**Problem details**: Write each line exactly as it stands, from the line containing "using fin disjoint above_G" through the end of the data.

═════ Exercise data ═════

lemma card_chains_below_chain:
  assumes G: "G \<subseteq> P" and U: "U \<subseteq> P" "is_chain U" and disjoint: "G \<inter> U = {}"
    and below: "\<And>x u. x \<in> G \<Longrightarrow> u \<in> U \<Longrightarrow> lt le x u"
  shows "card {S. S \<subseteq> G \<union> U \<and> is_chain S}
       = 2 ^ card U + (\<Sum>x\<in>G. 2 ^ (card {y\<in>G. lt le x y} + card U))"
proof -
  have fin: "finite G" "finite U" using G U finite_P finite_subset by blast+
  have above_G: "card {y\<in>G \<union> U. lt le x y} = card {y\<in>G. lt le x y} + card U" if "x \<in> G" for x
  proof -
    have "{y\<in>G \<union> U. lt le x y} = {y\<in>G. lt le x y} \<union> U" using below that by blast
    thus ?thesis using fin disjoint by (simp add: card_Un_disjoint disjoint_iff)
  qed
  have above_U: "{y\<in>G \<union> U. lt le x y} = {y\<in>U. lt le x y}" if "x \<in> U" for x
    using below[of _ x] lt_asym that G U by blast
  have "card {S. S \<subseteq> G \<union> U \<and> is_chain S} = 1 + (\<Sum>x\<in>G \<union> U. 2 ^ card {y\<in>G \<union> U. lt le x y})"
    using card_chains G U by simp
  also have "\<dots> = 1 + (\<Sum>x\<in>U. 2 ^ card {y\<in>U. lt le x y})
                   + (\<Sum>x\<in>G. 2 ^ (card {y\<in>G. lt le x y} + card U))"
    using fin disjoint above_G above_U by (simp add: sum.union_disjoint)
  also have "1 + (\<Sum>x\<in>U. 2 ^ card {y\<in>U. lt le x y}) = (2::nat) ^ card U"
    using card_chains[OF U(1)] card_chains_of_chain[OF U] by simp
  finally show ?thesis .
qed

definition chain_pred :: "'a set \<Rightarrow> 'a \<Rightarrow> 'a" where
  "chain_pred C x = (THE v. v \<in> C \<and> lt le v x \<and> (\<forall>u\<in>C. lt le u x \<longrightarrow> le u v))"

lemma chain_pred_eqI:
  assumes "C \<subseteq> P" "v \<in> C" "lt le v x" "\<forall>u\<in>C. lt le u x \<longrightarrow> le u v"
  shows "chain_pred C x = v"
  unfolding chain_pred_def using assms poset_antisym by (intro the_equality) (blast, meson subsetD)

═════

**Expected answer**:
    using fin disjoint above_G above_U by (simp add: sum.union_disjoint)
  also have "1 + (\<Sum>x\<in>U. 2 ^ card {y\<in>U. lt le x y}) = (2::nat) ^ card U"
    using card_chains[OF U(1)] card_chains_of_chain[OF U] by simp
  finally show ?thesis .
qed

definition chain_pred :: "'a set \<Rightarrow> 'a \<Rightarrow> 'a" where
  "chain_pred C x = (THE v. v \<in> C \<and> lt le v x \<and> (\<forall>u\<in>C. lt le u x \<longrightarrow> le u v))"

lemma chain_pred_eqI:
  assumes "C \<subseteq> P" "v \<in> C" "lt le v x" "\<forall>u\<in>C. lt le u x \<longrightarrow> le u v"
  shows "chain_pred C x = v"
  unfolding chain_pred_def using assms poset_antisym by (intro the_equality) (blast, meson subsetD)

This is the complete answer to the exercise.